Instructions for the task
The response must consist of the lines below from the one with "xs by simp_all" through the one with "using shortest_walk_exists xy by blast", exactly as they appear and with both ends kept.

Stored items
*** Block opens ***
(* Let $G$ be a connected graph. The interval function $I_G$ satisfies the axioms $(J0')$ and $(br)$ if and only if $G$ is a bridged graph.
   Context: Graphs are finite, simple and connected; $d$ is the shortest-path distance and $I_G(u,v)=\{w: d(u,w)+d(w,v)=d(u,v)\}$. A graph is bridged if it has no isometric cycle of length greater than $3$. For a map $R:V\times V\to 2^V$: $(J0')$: for pairwise distinct $u,x,y,v$, if $x\in R(u,y)$, $y\in R(x,v)$ and $R(u,y)\cap R(x,v)\subseteq\{u,x,y,v\}$ then $x\in R(u,v)$. $(br)$: for any $u,v,x,y,z$, if $R(x,y)=\{x,y\}$, $R(x,u)=\{x,u\}$, $R(v,y)=\{v,y\}$ and $z\in R(u,v)$, then $R(x,z)=\{x,z\}$ or $R(y,z)=\{y,z\}$. *)

theory Defs
  imports Main
begin

definition simple_graph :: "'a set \<Rightarrow> ('a \<Rightarrow> 'a \<Rightarrow> bool) \<Rightarrow> bool" where
  "simple_graph V E \<longleftrightarrow> finite V \<and> V \<noteq> {} \<and>
     (\<forall>x y. E x y \<longrightarrow> x \<in> V \<and> y \<in> V) \<and>
     (\<forall>x y. E x y \<longrightarrow> E y x) \<and> (\<forall>x. \<not> E x x)"

definition walk :: "'a set \<Rightarrow> ('a \<Rightarrow> 'a \<Rightarrow> bool) \<Rightarrow> 'a \<Rightarrow> 'a \<Rightarrow> 'a list \<Rightarrow> bool" where
  "walk V E u v xs \<longleftrightarrow> xs \<noteq> [] \<and> hd xs = u \<and> last xs = v \<and> set xs \<subseteq> V \<and>
     (\<forall>i. Suc i < length xs \<longrightarrow> E (xs ! i) (xs ! Suc i))"

definition connected_graph :: "'a set \<Rightarrow> ('a \<Rightarrow> 'a \<Rightarrow> bool) \<Rightarrow> bool" where
  "connected_graph V E \<longleftrightarrow> simple_graph V E \<and> (\<forall>u\<in>V. \<forall>v\<in>V. \<exists>xs. walk V E u v xs)"

definition gdist :: "'a set \<Rightarrow> ('a \<Rightarrow> 'a \<Rightarrow> bool) \<Rightarrow> 'a \<Rightarrow> 'a \<Rightarrow> nat" where
  "gdist V E u v = (LEAST n. \<exists>xs. walk V E u v xs \<and> length xs = Suc n)"

definition interval :: "'a set \<Rightarrow> ('a \<Rightarrow> 'a \<Rightarrow> bool) \<Rightarrow> 'a \<Rightarrow> 'a \<Rightarrow> 'a set" where
  "interval V E u v = {w \<in> V. gdist V E u w + gdist V E w v = gdist V E u v}"

definition isometric_cycle :: "'a set \<Rightarrow> ('a \<Rightarrow> 'a \<Rightarrow> bool) \<Rightarrow> 'a list \<Rightarrow> bool" where
  "isometric_cycle V E cs \<longleftrightarrow> length cs \<ge> 3 \<and> distinct cs \<and> set cs \<subseteq> V \<and>
     (\<forall>i < length cs. E (cs ! i) (cs ! ((Suc i) mod length cs))) \<and>
     (\<forall>i < length cs. \<forall>j < length cs.
        gdist V E (cs ! i) (cs ! j) =
          min (nat \<bar>int i - int j\<bar>) (length cs - nat \<bar>int i - int j\<bar>))"

definition bridged :: "'a set \<Rightarrow> ('a \<Rightarrow> 'a \<Rightarrow> bool) \<Rightarrow> bool" where
  "bridged V E \<longleftrightarrow> (\<forall>cs. isometric_cycle V E cs \<longrightarrow> length cs \<le> 3)"

definition axiom_J0' :: "'a set \<Rightarrow> ('a \<Rightarrow> 'a \<Rightarrow> 'a set) \<Rightarrow> bool" where
  "axiom_J0' V R \<longleftrightarrow> (\<forall>u\<in>V. \<forall>x\<in>V. \<forall>y\<in>V. \<forall>v\<in>V.
     distinct [u, x, y, v] \<longrightarrow> x \<in> R u y \<longrightarrow> y \<in> R x v \<longrightarrow>
     R u y \<inter> R x v \<subseteq> {u, x, y, v} \<longrightarrow> x \<in> R u v)"

definition axiom_br :: "'a set \<Rightarrow> ('a \<Rightarrow> 'a \<Rightarrow> 'a set) \<Rightarrow> bool" where
  "axiom_br V R \<longleftrightarrow> (\<forall>u\<in>V. \<forall>v\<in>V. \<forall>x\<in>V. \<forall>y\<in>V. \<forall>z\<in>V.
     R x y = {x, y} \<longrightarrow> R x u = {x, u} \<longrightarrow> R v y = {v, y} \<longrightarrow> z \<in> R u v \<longrightarrow>
     R x z = {x, z} \<or> R y z = {y, z})"

end

theory Submission
  imports Defs
begin

text \<open>A bump is a geodesic of length 2 or 3 that leaves a ball and returns to its boundary.
  Both directions of the theorem pass through the condition that there are neither bumps nor
  isometric 5-cycles.

  Without bumps and isometric 5-cycles, closed neighbourhoods of vertices and of edges are convex,
  which gives (br); the triangle condition holds, and walking along geodesics with it produces
  the common neighbours that (J0') asks for; and an isometric cycle of length at least 4 would
  contain a bump (even length) or violate the triangle condition (odd length at least 7).

  Conversely, a bump of least size \<open>2 * k + m\<close> closes up with two geodesics to a cycle of that
  length, and minimality makes every such cycle isometric: a pair of vertices at the wrong distance
  would produce, by replacing one vertex, a similar cycle with a bad pair that is closer along the
  cycle. Hence bridged graphs have no bumps. Axiom (br) rules out isometric 5-cycles and the
  4-cycle \<open>k = 1, m = 2\<close>, and (J0') applied around the bump produces either a smaller bump or a
  non-isometric cycle of the same kind.\<close>

section \<open>The path metric\<close>

locale conn_graph =
  fixes V :: "'a set" and E :: "'a \<Rightarrow> 'a \<Rightarrow> bool"
  assumes connected: "connected_graph V E"
begin

abbreviation d :: "'a \<Rightarrow> 'a \<Rightarrow> nat" where "d \<equiv> gdist V E"

lemma simple: "simple_graph V E"
  using connected unfolding connected_graph_def by blast

lemma adj_in_V1: "E x y \<Longrightarrow> x \<in> V"
  and adj_in_V2: "E x y \<Longrightarrow> y \<in> V"
  and adj_sym: "E x y \<Longrightarrow> E y x"
  and adj_irrefl: "\<not> E x x"
  using simple unfolding simple_graph_def by blast+

lemma adj_neq: "E x y \<Longrightarrow> x \<noteq> y"
  using adj_irrefl by blast

lemma walk_exists: "u \<in> V \<Longrightarrow> v \<in> V \<Longrightarrow> \<exists>xs. walk V E u v xs"
  using connected unfolding connected_graph_def by blast

lemma shortest_walk_exists:
  assumes "u \<in> V" "v \<in> V"
  shows "\<exists>xs. walk V E u v xs \<and> length xs = Suc (d u v)"
proof -
  obtain xs where w: "walk V E u v xs" using walk_exists assms by blast
  then have "xs \<noteq> []" unfolding walk_def by simp
  then have "\<exists>n xs. walk V E u v xs \<and> length xs = Suc n" using w
    by (metis Suc_pred length_greater_0_conv)
  then show ?thesis unfolding gdist_def by (rule LeastI_ex)
qed

lemma d_le_walk_length: "walk V E u v xs \<Longrightarrow> d u v \<le> length xs - 1"
proof -
  assume w: "walk V E u v xs"
  then have "xs \<noteq> []" unfolding walk_def by simp
  then have "walk V E u v xs \<and> length xs = Suc (length xs - 1)" using w by simp
  then show ?thesis unfolding gdist_def by (intro Least_le) blast
qed

lemma walk_rev: "walk V E u v xs \<Longrightarrow> walk V E v u (rev xs)"
  unfolding walk_def
proof (intro conjI allI impI)
  assume h: "xs \<noteq> [] \<and> hd xs = u \<and> last xs = v \<and> set xs \<subseteq> V \<and>
    (\<forall>i. Suc i < length xs \<longrightarrow> E (xs ! i) (xs ! Suc i))"
  show "rev xs \<noteq> []" "hd (rev xs) = v" "last (rev xs) = u" "set (rev xs) \<subseteq> V"
    using h by (simp_all add: hd_rev last_rev)
  fix i assume i: "Suc i < length (rev xs)"
  have "E (xs ! (length xs - Suc (Suc i))) (xs ! Suc (length xs - Suc (Suc i)))"
    using h i by simp
  moreover have "Suc (length xs - Suc (Suc i)) = length xs - Suc i" using i by simp
  ultimately show "E (rev xs ! i) (rev xs ! Suc i)" using i
    by (simp add: rev_nth adj_sym)
qed

lemma walk_append: "walk V E u v xs \<Longrightarrow> walk V E v w ys \<Longrightarrow> walk V E u w (xs @ tl ys)"
proof -
  assume a: "walk V E u v xs" and b: "walk V E v w ys"
  from a have xs: "xs \<noteq> []" "hd xs = u" "last xs = v" "set xs \<subseteq> V"
    "\<And>i. Suc i < length xs \<Longrightarrow> E (xs ! i) (xs ! Suc i)" unfolding walk_def by auto
  from b have ys: "ys \<noteq> []" "hd ys = v" "last ys = w" "set ys \<subseteq> V"
    "\<And>i. Suc i < length ys \<Longrightarrow> E (ys ! i) (ys ! Suc i)" unfolding walk_def by auto
  obtain ys' where ysd: "ys = v # ys'" using ys(1,2) by (cases ys) auto
  show ?thesis unfolding walk_def
  proof (intro conjI allI impI)
    show "xs @ tl ys \<noteq> []" "hd (xs @ tl ys) = u" using xs by simp_all
    show "last (xs @ tl ys) = w" using xs ys ysd by (cases ys') auto
    show "set (xs @ tl ys) \<subseteq> V" using xs ys ysd by auto
    fix i assume i: "Suc i < length (xs @ tl ys)"
    show "E ((xs @ tl ys) ! i) ((xs @ tl ys) ! Suc i)"
    proof (cases "Suc i < length xs")
      case True then show ?thesis using xs(5)[of i] by (simp add: nth_append)
    next
      case False
      define k where "k = i - (length xs - 1)"
      have ik: "i = length xs - 1 + k" and lx: "length xs \<ge> 1"
        using False xs(1) k_def by (auto simp: Suc_le_eq)
      have "Suc k < length ys" using i ik ysd lx by auto
      then have e: "E (ys ! k) (ys ! Suc k)" using ys(5) by blast
      have "(xs @ tl ys) ! i = ys ! k"
      proof (cases k)
        case 0
        then have "(xs @ tl ys) ! i = last xs" using ik xs(1) lx
          by (simp add: nth_append last_conv_nth)
        then show ?thesis using xs(3) ysd 0 by simp
      next
        case (Suc k')
        then have "i \<ge> length xs" using ik lx by simp
        then show ?thesis using ik Suc ysd lx by (simp add: nth_append)
      qed
      moreover have "(xs @ tl ys) ! Suc i = ys ! Suc k"
        using ik ysd lx False by (simp add: nth_append)
      ultimately show ?thesis using e by simp
    qed
  qed
qed

lemma d_triangle: assumes "x \<in> V" "y \<in> V" "z \<in> V" shows "d x z \<le> d x y + d y z"
proof -
  obtain xs where a: "walk V E x y xs" "length xs = Suc (d x y)"
    using shortest_walk_exists assms by blast
  obtain ys where b: "walk V E y z ys" "length ys = Suc (d y z)"
    using shortest_walk_exists assms by blast
  have "d x z \<le> length (xs @ tl ys) - 1" using walk_append[OF a(1) b(1)] by (rule d_le_walk_length)
  then show ?thesis using a b by simp
qed

lemma d_sym: assumes "x \<in> V" "y \<in> V" shows "d x y = d y x"
proof -
  have "d x y \<le> d y x" if xy: "x \<in> V" "y \<in> V" for x y
  proof -
    obtain xs where "walk V E y x xs" "length xs = Suc (d y x)"
      using shortest_walk_exists xy by blast
    then show ?thesis using d_le_walk_length[OF walk_rev] by fastforce
  qed
  then show ?thesis using assms by (meson antisym)
qed

lemma d_self: "x \<in> V \<Longrightarrow> d x x = 0"
  using d_le_walk_length[of x x "[x]"] unfolding walk_def by simp

lemma d_eq_0D: assumes "x \<in> V" "y \<in> V" "d x y = 0" shows "x = y"
proof -
  obtain xs where a: "walk V E x y xs" "length xs = Suc 0"
    using shortest_walk_exists assms by fastforce
  then obtain z where "xs = [z]" by (cases xs) auto
  then show ?thesis using a unfolding walk_def by auto
qed

lemma d_adj: assumes "E x y" shows "d x y = 1"
proof -
  have "walk V E x y [x, y]" unfolding walk_def using assms adj_in_V1 adj_in_V2
    by (auto simp: less_Suc_eq)
  then have "d x y \<le> 1" using d_le_walk_length by fastforce
  moreover have "d x y \<noteq> 0" using d_eq_0D adj_in_V1 adj_in_V2 adj_neq assms by blast
  ultimately show ?thesis by simp
qed

lemma d_adj_both: "E x y \<Longrightarrow> d x y = 1 \<and> d y x = 1"
  using d_adj adj_sym by blast

lemma adj_if_d_eq_1: assumes "x \<in> V" "y \<in> V" "d x y = 1" shows "E x y"
proof -
  obtain xs where a: "walk V E x y xs" "length xs = 2"
    using shortest_walk_exists assms by fastforce
  then obtain p q where "xs = [p, q]" by (cases xs; cases "tl xs") auto
  then show ?thesis using a unfolding walk_def by auto
qed

lemma d_le_1_cases: "x \<in> V \<Longrightarrow> y \<in> V \<Longrightarrow> d x y \<le> 1 \<Longrightarrow> x = y \<or> E x y"
  using d_eq_0D adj_if_d_eq_1 by (metis One_nat_def le_SucE le_zero_eq)

lemma d_Suc_step:
  assumes "x \<in> V" "y \<in> V" "d x y = Suc k"
  obtains w where "E x w" "d w y = k"
proof -
  obtain xs where a: "walk V E x y xs" "length xs = Suc (Suc k)"
    using shortest_walk_exists assms by fastforce
  obtain xs' where xd: "xs = x # xs'" using a unfolding walk_def by (cases xs) auto
  have ex: "E x (hd xs')" using a xd unfolding walk_def
    by (metis Suc_less_eq hd_conv_nth length_Cons length_greater_0_conv nth_Cons_0 nth_Cons_Suc
        zero_less_Suc)
  have "walk V E (hd xs') y xs'" using a xd unfolding walk_def
    by (auto simp: last_ConsR)
  then have "d (hd xs') y \<le> k" using d_le_walk_length a xd by fastforce
  moreover have "d x y \<le> d x (hd xs') + d (hd xs') y" using d_triangle assms adj_in_V2[OF ex] by blast
  ultimately show ?thesis using that ex d_adj[OF ex] assms by auto
qed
*** Block closes ***
Completed exercise
    show "xs @ tl ys \<noteq> []" "hd (xs @ tl ys) = u" using xs by simp_all
    show "last (xs @ tl ys) = w" using xs ys ysd by (cases ys') auto
    show "set (xs @ tl ys) \<subseteq> V" using xs ys ysd by auto
    fix i assume i: "Suc i < length (xs @ tl ys)"
    show "E ((xs @ tl ys) ! i) ((xs @ tl ys) ! Suc i)"
    proof (cases "Suc i < length xs")
      case True then show ?thesis using xs(5)[of i] by (simp add: nth_append)
    next
      case False
      define k where "k = i - (length xs - 1)"
      have ik: "i = length xs - 1 + k" and lx: "length xs \<ge> 1"
        using False xs(1) k_def by (auto simp: Suc_le_eq)
      have "Suc k < length ys" using i ik ysd lx by auto
      then have e: "E (ys ! k) (ys ! Suc k)" using ys(5) by blast
      have "(xs @ tl ys) ! i = ys ! k"
      proof (cases k)
        case 0
        then have "(xs @ tl ys) ! i = last xs" using ik xs(1) lx
          by (simp add: nth_append last_conv_nth)
        then show ?thesis using xs(3) ysd 0 by simp
      next
        case (Suc k')
        then have "i \<ge> length xs" using ik lx by simp
        then show ?thesis using ik Suc ysd lx by (simp add: nth_append)
      qed
      moreover have "(xs @ tl ys) ! Suc i = ys ! Suc k"
        using ik ysd lx False by (simp add: nth_append)
      ultimately show ?thesis using e by simp
    qed
  qed
qed

lemma d_triangle: assumes "x \<in> V" "y \<in> V" "z \<in> V" shows "d x z \<le> d x y + d y z"
proof -
  obtain xs where a: "walk V E x y xs" "length xs = Suc (d x y)"
    using shortest_walk_exists assms by blast
  obtain ys where b: "walk V E y z ys" "length ys = Suc (d y z)"
    using shortest_walk_exists assms by blast
  have "d x z \<le> length (xs @ tl ys) - 1" using walk_append[OF a(1) b(1)] by (rule d_le_walk_length)
  then show ?thesis using a b by simp
qed

lemma d_sym: assumes "x \<in> V" "y \<in> V" shows "d x y = d y x"
proof -
  have "d x y \<le> d y x" if xy: "x \<in> V" "y \<in> V" for x y
  proof -
    obtain xs where "walk V E y x xs" "length xs = Suc (d y x)"
      using shortest_walk_exists xy by blast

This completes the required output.